Trolling the Internet brings up examples like Kirk and Spock, Butch and Sundance, Matt Damon and Ben Affleck. “Bromance” has also come to replace the term “buddy comedy,” i.e. a comedy revolving around such a relationship, such as Butch Cassidy and the Sundance Kid. Apply it specifically to romantic comedies (brom-coms?), and you’ll be able to see why I use it for Two Gentlemen. Proteus and Valentine are prototypical bromance buddies.

The Western Bromantic Tradition

Moreover, the buddies fall in line with a long bromance tradition in Western literature that is a crucial influence on Shakespeare. As noted, the theory of male-male friendship goes back at least to Aristotle’s Nichomachean Ethics; Shakespeare (with Fletcher) will return to it in The Two Noble Kinsmen, which is an adaptation of Chaucer’s Knight’s Tale. And so on it goes, right up to The Hangover, Part 3.

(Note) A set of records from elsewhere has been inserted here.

(* Let $(X,\mathbb{A},d)$ be a complete $C^*$-algebra valued metric space, where $\mathbb{A}$ is a unital $C^*$-algebra, and let $T:X\to X$ be a $C^*$-algebra valued Ćirić-type2 contractive mapping, i.e. for every $x,y\in X$ there is $q(x,y)\in\acute{\mathbb{A}}_+$ with $0\le\|q(x,y)\|<1$, and there is a mapping $\delta:X\times X\to\mathbb{A}_+$, such that $$d(T^n x,T^n y)\preceq q(x,y)^n\,\delta(x,y)\quad\text{for all }x,y\in X,\ n\in\mathbb{N}.$$ Then $T$ is orbitally continuous on $X$ if and only if $T$ has a unique fixed point in $X$.
   Context: $\mathbb{A}$ denotes a unital $C^*$-algebra with unit $I$ and zero $\theta$. An element $a\in\mathbb{A}$ is positive, written $a\succeq\theta$, if $a^*=a$ and its spectrum is contained in $[0,\infty)$; $\mathbb{A}_+$ is the set of positive elements, and $a\succeq b$ means $a-b\succeq\theta$. $\acute{\mathbb{A}}_+$ denotes the set of positive elements of $\mathbb{A}$ that commute with every element of $\mathbb{A}$. A $C^*$-algebra valued metric space $(X,\mathbb{A},d)$ is a nonempty set $X$ with $d:X\times X\to\mathbb{A}$ such that for all $x,y,z\in X$: $d(x,y)\succeq\theta$, with $d(x,y)=\theta$ iff $x=y$; $d(x,y)=d(y,x)$; $d(x,y)\preceq d(x,z)+d(z,y)$. A sequence $\{x_n\}$ converges to $x$ if $\|d(x_n,x)\|\to0$, and is Cauchy if $\|d(x_n,x_m)\|\to0$ as $n,m\to\infty$; the space is complete if every Cauchy sequence converges to a point of $X$. A self-map $T$ of $X$ is orbitally continuous at $u\in X$ if for every $x\in X$ and every increasing sequence of positive integers $\{n_i\}$, $\|d(T^{n_i}x,u)\|\to0$ implies $\|d(T^{n_i+1}x,Tu)\|\to0$ as $i\to\infty$; $T$ is orbitally continuous on $X$ if it is orbitally continuous at every $u\in X$. *)

theory Defs
  imports "HOL-Analysis.Analysis"
begin

class cstar_algebra = real_normed_algebra_1 + banach +
  fixes scaleC :: "complex \<Rightarrow> 'a \<Rightarrow> 'a"
    and cstar :: "'a \<Rightarrow> 'a"
  assumes scaleC_add_right: "scaleC c (a + b) = scaleC c a + scaleC c b"
    and scaleC_add_left: "scaleC (c + e) a = scaleC c a + scaleC e a"
    and scaleC_scaleC: "scaleC c (scaleC e a) = scaleC (c * e) a"
    and scaleC_one: "scaleC 1 a = a"
    and scaleR_scaleC: "scaleR r a = scaleC (complex_of_real r) a"
    and norm_scaleC: "norm (scaleC c a) = cmod c * norm a"
    and mult_scaleC_left: "scaleC c a * b = scaleC c (a * b)"
    and mult_scaleC_right: "a * scaleC c b = scaleC c (a * b)"
    and cstar_cstar: "cstar (cstar a) = a"
    and cstar_add: "cstar (a + b) = cstar a + cstar b"
    and cstar_mult: "cstar (a * b) = cstar b * cstar a"
    and cstar_scaleC: "cstar (scaleC c a) = scaleC (cnj c) (cstar a)"
    and cstar_identity: "norm (cstar a * a) = norm a * norm a"

definition spectrum :: "'a::cstar_algebra \<Rightarrow> complex set" where
  "spectrum a = {z. \<not> (\<exists>b. b * (a - scaleC z 1) = 1 \<and> (a - scaleC z 1) * b = 1)}"

definition positive :: "'a::cstar_algebra \<Rightarrow> bool" where
  "positive a \<longleftrightarrow> cstar a = a \<and> spectrum a \<subseteq> {z. Im z = 0 \<and> 0 \<le> Re z}"

definition cleq :: "'a::cstar_algebra \<Rightarrow> 'a \<Rightarrow> bool" where
  "cleq a b \<longleftrightarrow> positive (b - a)"

definition central_positive :: "'a::cstar_algebra set" where
  "central_positive = {a. positive a \<and> (\<forall>b. a * b = b * a)}"

definition cstar_metric :: "('x \<Rightarrow> 'x \<Rightarrow> 'a::cstar_algebra) \<Rightarrow> bool" where
  "cstar_metric d \<longleftrightarrow> (\<forall>x y z. positive (d x y) \<and> (d x y = 0 \<longleftrightarrow> x = y)
      \<and> d x y = d y x \<and> cleq (d x y) (d x z + d z y))"

definition cconverges :: "('x \<Rightarrow> 'x \<Rightarrow> 'a::cstar_algebra) \<Rightarrow> (nat \<Rightarrow> 'x) \<Rightarrow> 'x \<Rightarrow> bool" where
  "cconverges d s x \<longleftrightarrow> (\<lambda>n. norm (d (s n) x)) \<longlonglongrightarrow> 0"

definition ccauchy :: "('x \<Rightarrow> 'x \<Rightarrow> 'a::cstar_algebra) \<Rightarrow> (nat \<Rightarrow> 'x) \<Rightarrow> bool" where
  "ccauchy d s \<longleftrightarrow> (\<forall>e>0. \<exists>N. \<forall>m\<ge>N. \<forall>n\<ge>N. norm (d (s n) (s m)) < e)"

definition ccomplete :: "('x \<Rightarrow> 'x \<Rightarrow> 'a::cstar_algebra) \<Rightarrow> bool" where
  "ccomplete d \<longleftrightarrow> (\<forall>s. ccauchy d s \<longrightarrow> (\<exists>x. cconverges d s x))"

definition orbitally_continuous_at ::
  "('x \<Rightarrow> 'x \<Rightarrow> 'a::cstar_algebra) \<Rightarrow> ('x \<Rightarrow> 'x) \<Rightarrow> 'x \<Rightarrow> bool" where
  "orbitally_continuous_at d T u \<longleftrightarrow>
     (\<forall>x (ni::nat \<Rightarrow> nat). strict_mono ni \<longrightarrow>
        (\<lambda>i. norm (d ((T ^^ ni i) x) u)) \<longlonglongrightarrow> 0 \<longrightarrow>
        (\<lambda>i. norm (d ((T ^^ (ni i + 1)) x) (T u))) \<longlonglongrightarrow> 0)"

definition orbitally_continuous ::
  "('x \<Rightarrow> 'x \<Rightarrow> 'a::cstar_algebra) \<Rightarrow> ('x \<Rightarrow> 'x) \<Rightarrow> bool" where
  "orbitally_continuous d T \<longleftrightarrow> (\<forall>u. orbitally_continuous_at d T u)"

definition ciric_type2 :: "('x \<Rightarrow> 'x \<Rightarrow> 'a::cstar_algebra) \<Rightarrow> ('x \<Rightarrow> 'x) \<Rightarrow> bool" where
  "ciric_type2 d T \<longleftrightarrow>
     (\<exists>(q::'x \<Rightarrow> 'x \<Rightarrow> 'a) (\<delta>::'x \<Rightarrow> 'x \<Rightarrow> 'a).
        (\<forall>x y. q x y \<in> central_positive \<and> norm (q x y) < 1) \<and>
        (\<forall>x y. positive (\<delta> x y)) \<and>
        (\<forall>x y n. n \<ge> 1 \<longrightarrow> cleq (d ((T ^^ n) x) ((T ^^ n) y)) (q x y ^ n * \<delta> x y)))"

end

theory Submission
  imports Defs
begin

text \<open>
  Taking norms in the contraction condition gives
  \<open>\<parallel>d(T\<^sup>n x, T\<^sup>n y)\<parallel> \<le> \<parallel>q(x,y)\<parallel>\<^sup>n \<parallel>\<delta>(x,y)\<parallel>\<close>, once one knows that the norm is monotone
  on positive elements. That monotonicity is the C*-algebraic core: for self-adjoint \<open>h\<close>
  the norm equals the spectral radius, because \<open>\<parallel>h\<^sup>2\<^sup>k\<parallel> = \<parallel>h\<parallel>\<^sup>2\<^sup>k\<close> and because
  \<open>x\<^sup>n \<longrightarrow> 0\<close> as soon as \<open>1 - \<mu>x\<close> is invertible for all \<open>|\<mu>| \<le> 1\<close>.

  With real distances the argument is that of a metric space. Consecutive points of an
  orbit are at distance at most \<open>C \<parallel>q(x,Tx)\<parallel>\<^sup>n\<close>, so orbits are Cauchy and converge by
  completeness; orbital continuity makes the limit a fixed point. Conversely, a fixed point
  \<open>u\<close> attracts every orbit, since \<open>d(T\<^sup>n x, u) = d(T\<^sup>n x, T\<^sup>n u)\<close>: this yields uniqueness
  of the fixed point and orbital continuity.
\<close>

context cstar_algebra begin

lemma scaleC_zero_left [simp]: "scaleC 0 a = 0"
  using scaleC_add_left[of 0 0 a] by simp

lemma scaleC_zero_right [simp]: "scaleC c 0 = 0"
  using scaleC_add_right[of c 0 0] by simp

lemma scaleC_minus_left: "scaleC (- c) a = - scaleC c a"
  using scaleC_add_left[of c "-c" a] by (simp add: minus_unique)

lemma scaleC_minus_right: "scaleC c (- a) = - scaleC c a"
  using scaleC_add_right[of c a "-a"] by (simp add: minus_unique)

lemma scaleC_diff_left: "scaleC (c - e) a = scaleC c a - scaleC e a"
  using scaleC_add_left[of c "-e" a] by (simp add: scaleC_minus_left)

lemma scaleC_diff_right: "scaleC c (a - b) = scaleC c a - scaleC c b"
  using scaleC_add_right[of c a "-b"] by (simp add: scaleC_minus_right)

lemma scaleC_sum_left: "scaleC (sum f A) a = (\<Sum>i\<in>A. scaleC (f i) a)"
  by (induct A rule: infinite_finite_induct) (auto simp: scaleC_add_left)

lemma scaleC_power: "(scaleC c a) ^ n = scaleC (c ^ n) (a ^ n)"
  by (induct n) (auto simp: scaleC_one mult_scaleC_left mult_scaleC_right scaleC_scaleC mult.commute)

lemma cstar_one: "cstar 1 = 1"
  using cstar_mult[of "cstar 1" 1] by (simp add: cstar_cstar)

lemma cstar_diff: "cstar (a - b) = cstar a - cstar b"
proof -
  have "cstar (a - b) + cstar b = cstar a"
    using cstar_add[of "a - b" b] by simp
  then show ?thesis by (simp add: eq_diff_eq)
qed

lemma cstar_scaleC_real_one: "cstar (scaleC (complex_of_real r) 1) = scaleC (complex_of_real r) 1"
  by (simp add: cstar_scaleC cstar_one)

end

section \<open>Invertible elements and the Neumann series\<close>

definition invertible :: "'a::cstar_algebra \<Rightarrow> bool" where
  "invertible a \<longleftrightarrow> (\<exists>b. b * a = 1 \<and> a * b = 1)"

definition cinv :: "'a::cstar_algebra \<Rightarrow> 'a" where
  "cinv a = (SOME b. b * a = 1 \<and> a * b = 1)"

lemma spectrum_iff: "z \<in> spectrum a \<longleftrightarrow> \<not> invertible (a - scaleC z 1)"
  by (simp add: spectrum_def invertible_def)

lemma cinv_left: "invertible a \<Longrightarrow> cinv a * a = 1"
  and cinv_right: "invertible a \<Longrightarrow> a * cinv a = 1"
  using someI_ex[of "\<lambda>b. b * a = 1 \<and> a * b = 1"] by (auto simp: invertible_def cinv_def)

lemma cinv_eq:
  fixes a b :: "'a::cstar_algebra"
  assumes "b * a = 1" "a * b = 1"
  shows "cinv a = b"
proof -
  have inv: "invertible a" using assms invertible_def by blast
  have "cinv a = cinv a * (a * b)" using assms by simp
  also have "\<dots> = b" by (simp add: mult.assoc[symmetric] cinv_left[OF inv])
  finally show ?thesis .
qed

lemma invertible_one: "invertible (1::'a::cstar_algebra)"
  by (auto simp: invertible_def)

lemma invertible_minus_iff: "invertible (- a) \<longleftrightarrow> invertible (a::'a::cstar_algebra)"
  unfolding invertible_def by (metis minus_minus minus_mult_minus)

lemma invertible_scaleC:
  fixes a :: "'a::cstar_algebra"
  assumes "c \<noteq> 0" "invertible a"
  shows "invertible (scaleC c a)"
proof -
  obtain b where "b * a = 1" "a * b = 1" using assms(2) invertible_def by blast
  then have "scaleC (1/c) b * scaleC c a = 1" "scaleC c a * scaleC (1/c) b = 1"
    using assms(1) by (simp_all add: mult_scaleC_left mult_scaleC_right scaleC_scaleC scaleC_one)
  then show ?thesis unfolding invertible_def by blast
qed

lemma one_minus_mult_sum_powers:
  fixes x :: "'a::ring_1"
  shows "(1 - x) * (\<Sum>i<n. x ^ i) = 1 - x ^ n"
    and "(\<Sum>i<n. x ^ i) * (1 - x) = 1 - x ^ n"
proof -
  show "(1 - x) * (\<Sum>i<n. x ^ i) = 1 - x ^ n"
  proof (induct n)
    case (Suc n)
    have "(1 - x) * (\<Sum>i<Suc n. x ^ i) = (1 - x) * (\<Sum>i<n. x ^ i) + (1 - x) * x ^ n"
      by (simp add: distrib_left)
    also have "\<dots> = 1 - x ^ Suc n" using Suc by (simp add: algebra_simps)
    finally show ?case .
  qed simp
  show "(\<Sum>i<n. x ^ i) * (1 - x) = 1 - x ^ n"
  proof (induct n)
    case (Suc n)
    have "(\<Sum>i<Suc n. x ^ i) * (1 - x) = (\<Sum>i<n. x ^ i) * (1 - x) + x ^ n * (1 - x)"
      by (simp add: distrib_right)
    also have "\<dots> = 1 - x ^ Suc n" using Suc by (simp add: algebra_simps power_commutes)
    finally show ?case .
  qed simp
qed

I will only mention one of Shakespeare’s most important precursors. The story of Titus and Gisippus goes back to Boccaccio’s Decameron; Shakespeare followed an English version that appeared in 1531. Titus and Gisippus embody the “one soul in two bodies” idea by being twins. Gisippus is pressured into marrying Sophronia, with whom Titus falls in love so violently it makes him sick unto death. To save him, Gisippus gives him Sophronia, a gift effected by means of a “bed trick”; the identical Titus is substituted in the marriage bed for Gisippus, where he performs the formalities necessary for a valid marriage. In the second part of the story, Gisippus is accused of murder and Titus offers to take the rap. Greater love than this no bro hath! The main point of this very brief summary is to note that there is an offer of a woman by one friend to the other in one of Shakespeare’s sources. There are clear differences (for example, Titus didn’t try to rape Sophronia, she seems copacetic with the situation, though—like Silvia in Two Gentlemen—being a piece of property she doesn’t get to speak, and it is really surprising that Shakespeare didn’t use the bed trick), but the incident is there.

We’ll see the bromantic tradition working itself out as we proceed through Two Gentlemen, so let’s turn to that task now. Just keep in mind: Valentine and Proteus fit neatly into a (basically adolescent) tradition in which male friendship is more important than adult relationships with women.